"Clarissa masihkah kau berada di tempatmu?" tanya Wira setelah tidak mendapat Jawaban dari pertanyaan yang ia lontarkan.
"Iya aku masih di sini." jawab suara Clarissa yang terdengar lirih seperti bingung hendak memberikan jawaban. soalnya ketika dia mengiyakan ajakan dari Wira, pasti ada hati sahabatnya yang terluka.
"Kamu ada acara ya nanti malam?"
"Tidak ada." jawab Clarissa dengan hati yang tak karuan, di satu sisi Dia sangat kesal dengan kebohongan yang dibuat oleh Cindy, namun di sisi lain dia tidak ingin menjadi penghianat.
"Kalau tidak ada Bolehkah Nanti malam aku mengajakmu untuk makan bersama?"
"Jam berapa, Bukankah kamu akan menemani Cindy sekarang."
"Aku tidak akan menemaninya, aku akan membiarkan dirinya untuk tinggal di rumah, karena kalau aku usir aku merasa tidak enak."
"Kamu sebenarnya memilih siapa? jadi pria itu harus tegas tidak boleh Plin Plan dalam menentukan pilihan."

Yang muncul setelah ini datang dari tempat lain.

text \<open>The kernel's Taylor bound is uniform in the centre, so it survives averaging over the centres.\<close>
lemma gauss_mixture_taylor_bound:
  "\<bar>(\<integral>z. gauss_pdf \<sigma> (G z) y \<partial>M) - (\<integral>z. gauss_pdf \<sigma> (G z) x \<partial>M)
      - (y - x) \<bullet> (\<integral>z. gauss_const \<sigma> TYPE('a) *\<^sub>R gauss_kernel_grad \<sigma> (x - G z) \<partial>M)\<bar>
     \<le> gauss_const \<sigma> TYPE('a) * (3 / \<sigma>\<^sup>2) * (norm (y - x))\<^sup>2"
proof -
  define c where "c = gauss_const \<sigma> TYPE('a)"
  define V where "V = (\<integral>z. c *\<^sub>R gauss_kernel_grad \<sigma> (x - G z) \<partial>M)"
  have c: "c > 0" unfolding c_def by (rule gauss_const_pos[OF sigma_pos])
  define f where "f z = gauss_pdf \<sigma> (G z) y - gauss_pdf \<sigma> (G z) x
                        - (y - x) \<bullet> (c *\<^sub>R gauss_kernel_grad \<sigma> (x - G z))" for z
  note int_pdf = integrable_gauss_mixture and int_grad = integrable_gauss_grad_mixture[folded c_def]
  have int_inner: "integrable M (\<lambda>z. (y - x) \<bullet> (c *\<^sub>R gauss_kernel_grad \<sigma> (x - G z)))"
    using int_grad by (rule integrable_inner_right)
  have "(\<integral>z. gauss_pdf \<sigma> (G z) y \<partial>M) - (\<integral>z. gauss_pdf \<sigma> (G z) x \<partial>M) - (y - x) \<bullet> V = integral\<^sup>L M f"
    unfolding f_def V_def
    by (simp only: Bochner_Integration.integral_diff[OF Bochner_Integration.integrable_diff[OF int_pdf int_pdf] int_inner]
          Bochner_Integration.integral_diff[OF int_pdf int_pdf] integral_inner_right[OF int_grad])
  also have "\<bar>integral\<^sup>L M f\<bar> \<le> (\<integral>z. norm (f z) \<partial>M)"
    using integral_norm_bound[of M f] by simp
  also have "\<dots> \<le> c * (3 / \<sigma>\<^sup>2) * (norm (y - x))\<^sup>2"
  proof (rule integral_le_const)
    show "integrable M (\<lambda>z. norm (f z))"
      unfolding f_def using int_pdf int_inner by (intro integrable_norm Bochner_Integration.integrable_diff)
    show "AE z in M. norm (f z) \<le> c * (3 / \<sigma>\<^sup>2) * (norm (y - x))\<^sup>2"
    proof (intro AE_I2)
      fix z
      have "f z = c * (gauss_kernel \<sigma> (y - G z) - gauss_kernel \<sigma> (x - G z)
                       - ((y - G z) - (x - G z)) \<bullet> gauss_kernel_grad \<sigma> (x - G z))"
        unfolding f_def gauss_pdf_eq_kernel c_def by (simp add: algebra_simps)
      hence "norm (f z) = c * \<bar>gauss_kernel \<sigma> (y - G z) - gauss_kernel \<sigma> (x - G z)
                       - ((y - G z) - (x - G z)) \<bullet> gauss_kernel_grad \<sigma> (x - G z)\<bar>"
        using c by (simp add: abs_mult)
      also have "\<dots> \<le> c * (3 / \<sigma>\<^sup>2 * (norm ((y - G z) - (x - G z)))\<^sup>2)"
        using c by (intro mult_left_mono gauss_kernel_taylor_bound[OF sigma_pos]) auto
      finally show "norm (f z) \<le> c * (3 / \<sigma>\<^sup>2) * (norm (y - x))\<^sup>2"
        by (simp add: mult.assoc)
    qed
  qed
  finally show ?thesis unfolding c_def V_def .
qed
(* Let $(K,\delta)$ be a differential field of characteristic zero and $x\in K$ with $\delta(x)=1$, and let $C_K=\{c\in K:\delta(c)=0\}$ be its constant field. Then the set $\mathrm{Stab}(\delta,K)$ of stable elements is a $C_K[x]$-submodule of $K$ (under multiplication in $K$), and $\delta(\mathrm{Stab}(\delta,K))\subseteq\mathrm{Stab}(\delta,K)$.
   Context: A differential field $(K,\delta)$ is a field with an additive map $\delta$ satisfying $\delta(fg)=f\delta(g)+g\delta(f)$. $\mathrm{Stab}(\delta,K)$ is the set of $a\in K$ for which there is a sequence $(a_i)_{i\ge0}$ in $K$ with $a_0=a$ and $\delta(a_{i+1})=a_i$ for all $i\in\mathbb{N}$. *)

theory Defs
  imports "HOL-Computational_Algebra.Polynomial"
begin

definition derivation :: "('a::field \<Rightarrow> 'a) \<Rightarrow> bool" where
  "derivation \<delta> \<longleftrightarrow> (\<forall>f g. \<delta> (f + g) = \<delta> f + \<delta> g) \<and>
                     (\<forall>f g. \<delta> (f * g) = f * \<delta> g + g * \<delta> f)"

definition constants :: "('a::field \<Rightarrow> 'a) \<Rightarrow> 'a set" where
  "constants \<delta> = {c. \<delta> c = 0}"

definition Stab :: "('a::field \<Rightarrow> 'a) \<Rightarrow> 'a set" where
  "Stab \<delta> = {a. \<exists>s :: nat \<Rightarrow> 'a. s 0 = a \<and> (\<forall>i. \<delta> (s (Suc i)) = s i)}"

definition const_poly_ring :: "('a::field \<Rightarrow> 'a) \<Rightarrow> 'a \<Rightarrow> 'a set" where
  "const_poly_ring \<delta> x = {poly p x | p. \<forall>i. coeff p i \<in> constants \<delta>}"

end

theory Submission
  imports Defs
begin

text \<open>Each closure property is witnessed by transforming a chain s of successive
  antiderivatives of a termwise: s(i) + t(i) for sums, c s(i) for constants c, and the shifted
  chain \<delta> a, s(0), s(1), ... for \<delta> a. For x a, where \<delta> x = 1, integration by parts gives the
  chain x s(i) - i s(i+1); as C_K[x] is generated by the constants and x, this suffices.\<close>

lemma derivation_add: "derivation \<delta> \<Longrightarrow> \<delta> (f + g) = \<delta> f + \<delta> g"
  unfolding derivation_def by blast

lemma derivation_mult: "derivation \<delta> \<Longrightarrow> \<delta> (f * g) = f * \<delta> g + g * \<delta> f"
  unfolding derivation_def by blast

lemma derivation_zero: "derivation \<delta> \<Longrightarrow> \<delta> 0 = 0"
  using derivation_add[of \<delta> 0 0] by (metis add.right_neutral add_left_cancel)

lemma derivation_diff: "derivation \<delta> \<Longrightarrow> \<delta> (f - g) = \<delta> f - \<delta> g"
  using derivation_add[of \<delta> "f - g" g] by (simp add: algebra_simps)

lemma derivation_one: "derivation \<delta> \<Longrightarrow> \<delta> 1 = 0"
  using derivation_mult[of \<delta> 1 1] by (metis add.right_neutral add_left_cancel mult_1)

lemma derivation_of_nat: "derivation \<delta> \<Longrightarrow> \<delta> (of_nat n) = 0"
  by (induction n) (simp_all add: derivation_zero derivation_one derivation_add)

lemma derivation_constant_mult: "derivation \<delta> \<Longrightarrow> \<delta> c = 0 \<Longrightarrow> \<delta> (c * f) = c * \<delta> f"
  by (simp add: derivation_mult)

lemma StabI: "s 0 = a \<Longrightarrow> (\<And>i. \<delta> (s (Suc i)) = s i) \<Longrightarrow> a \<in> Stab \<delta>"
  unfolding Stab_def by blast

lemma StabE:
  assumes "a \<in> Stab \<delta>"
  obtains s where "s 0 = a" and "\<And>i. \<delta> (s (Suc i)) = s i"
  using assms unfolding Stab_def by blast

lemma zero_in_Stab: "derivation \<delta> \<Longrightarrow> 0 \<in> Stab \<delta>"
  by (rule StabI[of "\<lambda>_. 0"]) (simp_all add: derivation_zero)

lemma Stab_add:
  assumes "derivation \<delta>" and "a \<in> Stab \<delta>" and "b \<in> Stab \<delta>"
  shows "a + b \<in> Stab \<delta>"
proof -
  obtain s where "s 0 = a" and s: "\<And>i. \<delta> (s (Suc i)) = s i"
    using \<open>a \<in> Stab \<delta>\<close> by (blast elim: StabE)
  obtain t where "t 0 = b" and t: "\<And>i. \<delta> (t (Suc i)) = t i"
    using \<open>b \<in> Stab \<delta>\<close> by (blast elim: StabE)
  show ?thesis
    by (rule StabI[of "\<lambda>i. s i + t i"])
       (simp_all add: \<open>s 0 = a\<close> \<open>t 0 = b\<close> s t derivation_add[OF assms(1)])
qed

lemma Stab_constant_mult:
  assumes "derivation \<delta>" and "\<delta> c = 0" and "a \<in> Stab \<delta>"
  shows "c * a \<in> Stab \<delta>"
proof -
  obtain s where "s 0 = a" and s: "\<And>i. \<delta> (s (Suc i)) = s i"
    using \<open>a \<in> Stab \<delta>\<close> by (blast elim: StabE)
  show ?thesis
    by (rule StabI[of "\<lambda>i. c * s i"])
       (simp_all add: \<open>s 0 = a\<close> s derivation_constant_mult[OF assms(1,2)])
qed

lemma Stab_mult_antiderivative_of_one:
  assumes "derivation \<delta>" and "\<delta> x = 1" and "a \<in> Stab \<delta>"
  shows "x * a \<in> Stab \<delta>"
proof -
  obtain s where "s 0 = a" and s: "\<And>i. \<delta> (s (Suc i)) = s i"
    using \<open>a \<in> Stab \<delta>\<close> by (blast elim: StabE)
  define t where "t i = x * s i - of_nat i * s (Suc i)" for i
  have "\<delta> (t (Suc i)) = t i" for i
  proof -
    have "\<delta> (t (Suc i)) = (x * s i + s (Suc i)) - of_nat (Suc i) * s (Suc i)"
      unfolding t_def
      by (simp add: assms(1,2) s derivation_diff derivation_mult derivation_add
          derivation_one derivation_of_nat)
    also have "\<dots> = t i"
      unfolding t_def by (simp add: algebra_simps)
    finally show ?thesis .
  qed
  moreover have "t 0 = x * a"
    by (simp add: t_def \<open>s 0 = a\<close>)
  ultimately show ?thesis
    by (intro StabI[of t])
qed

lemma Stab_poly_mult:
  assumes "derivation \<delta>" and "\<delta> x = 1" and "\<forall>i. coeff p i \<in> constants \<delta>" and "a \<in> Stab \<delta>"
  shows "poly p x * a \<in> Stab \<delta>"
  using assms(3)
proof (induction p)
  case 0
  show ?case
    using zero_in_Stab[OF assms(1)] by simp
next
  case (pCons c p)
  have "\<delta> c = 0"
    using pCons.prems[rule_format, of 0] by (simp add: constants_def)
  have "\<forall>i. coeff p i \<in> constants \<delta>"
    using pCons.prems by (metis coeff_pCons_Suc)
  then have "x * (poly p x * a) \<in> Stab \<delta>"
    using pCons.IH assms(1,2) by (rule_tac Stab_mult_antiderivative_of_one) simp_all
  moreover have "c * a \<in> Stab \<delta>"
    using assms(1,4) \<open>\<delta> c = 0\<close> by (simp add: Stab_constant_mult)
  ultimately have "c * a + x * (poly p x * a) \<in> Stab \<delta>"
    using assms(1) by (simp add: Stab_add)
  then show ?case
    by (simp add: algebra_simps)
qed

lemma Stab_derivative: "a \<in> Stab \<delta> \<Longrightarrow> \<delta> a \<in> Stab \<delta>"
proof -
  assume "a \<in> Stab \<delta>"
  then obtain s where "s 0 = a" and s: "\<And>i. \<delta> (s (Suc i)) = s i"
    by (blast elim: StabE)
  show "\<delta> a \<in> Stab \<delta>"
    by (rule StabI[of "case_nat (\<delta> a) s"]) (simp_all add: \<open>s 0 = a\<close> s split: nat.split)
qed

theorem theorem2p11:
  fixes \<delta> :: "'a::field_char_0 \<Rightarrow> 'a" and x :: 'a
  assumes "derivation \<delta>" and "\<delta> x = 1"
  shows "0 \<in> Stab \<delta>
     \<and> (\<forall>a\<in>Stab \<delta>. \<forall>b\<in>Stab \<delta>. a + b \<in> Stab \<delta>)
     \<and> (\<forall>r\<in>const_poly_ring \<delta> x. \<forall>a\<in>Stab \<delta>. r * a \<in> Stab \<delta>)
     \<and> \<delta> ` Stab \<delta> \<subseteq> Stab \<delta>"
  using assms
  by (auto simp: const_poly_ring_def zero_in_Stab Stab_add Stab_poly_mult Stab_derivative)

end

"Jujur aku ingin mengenal lebih dekat denganmu. Cindy Aku hanya menghargai perasaannya yang tidak ingin aku kecewakan."
"Apakah omonganmu bisa dipercaya?"
"Kalau aku orang yang tidak bisa dipercaya, Mana mungkin aku memberitahumu bahwa sahabatmu sedang menuju ke sini. aku tidak ingin melukai perasaanmu, namun aku juga tidak menginginkan melukai perasaan orang lain."
Clarissa terdengar menarik nafas dalam seperti ingin menghempaskan beban yang ada di dalam, membuat hati Wira sedikit berdegup dengan kencang, karena Kalau ditolak mungkin Clarissa adalah wanita yang pertama kali menolaknya.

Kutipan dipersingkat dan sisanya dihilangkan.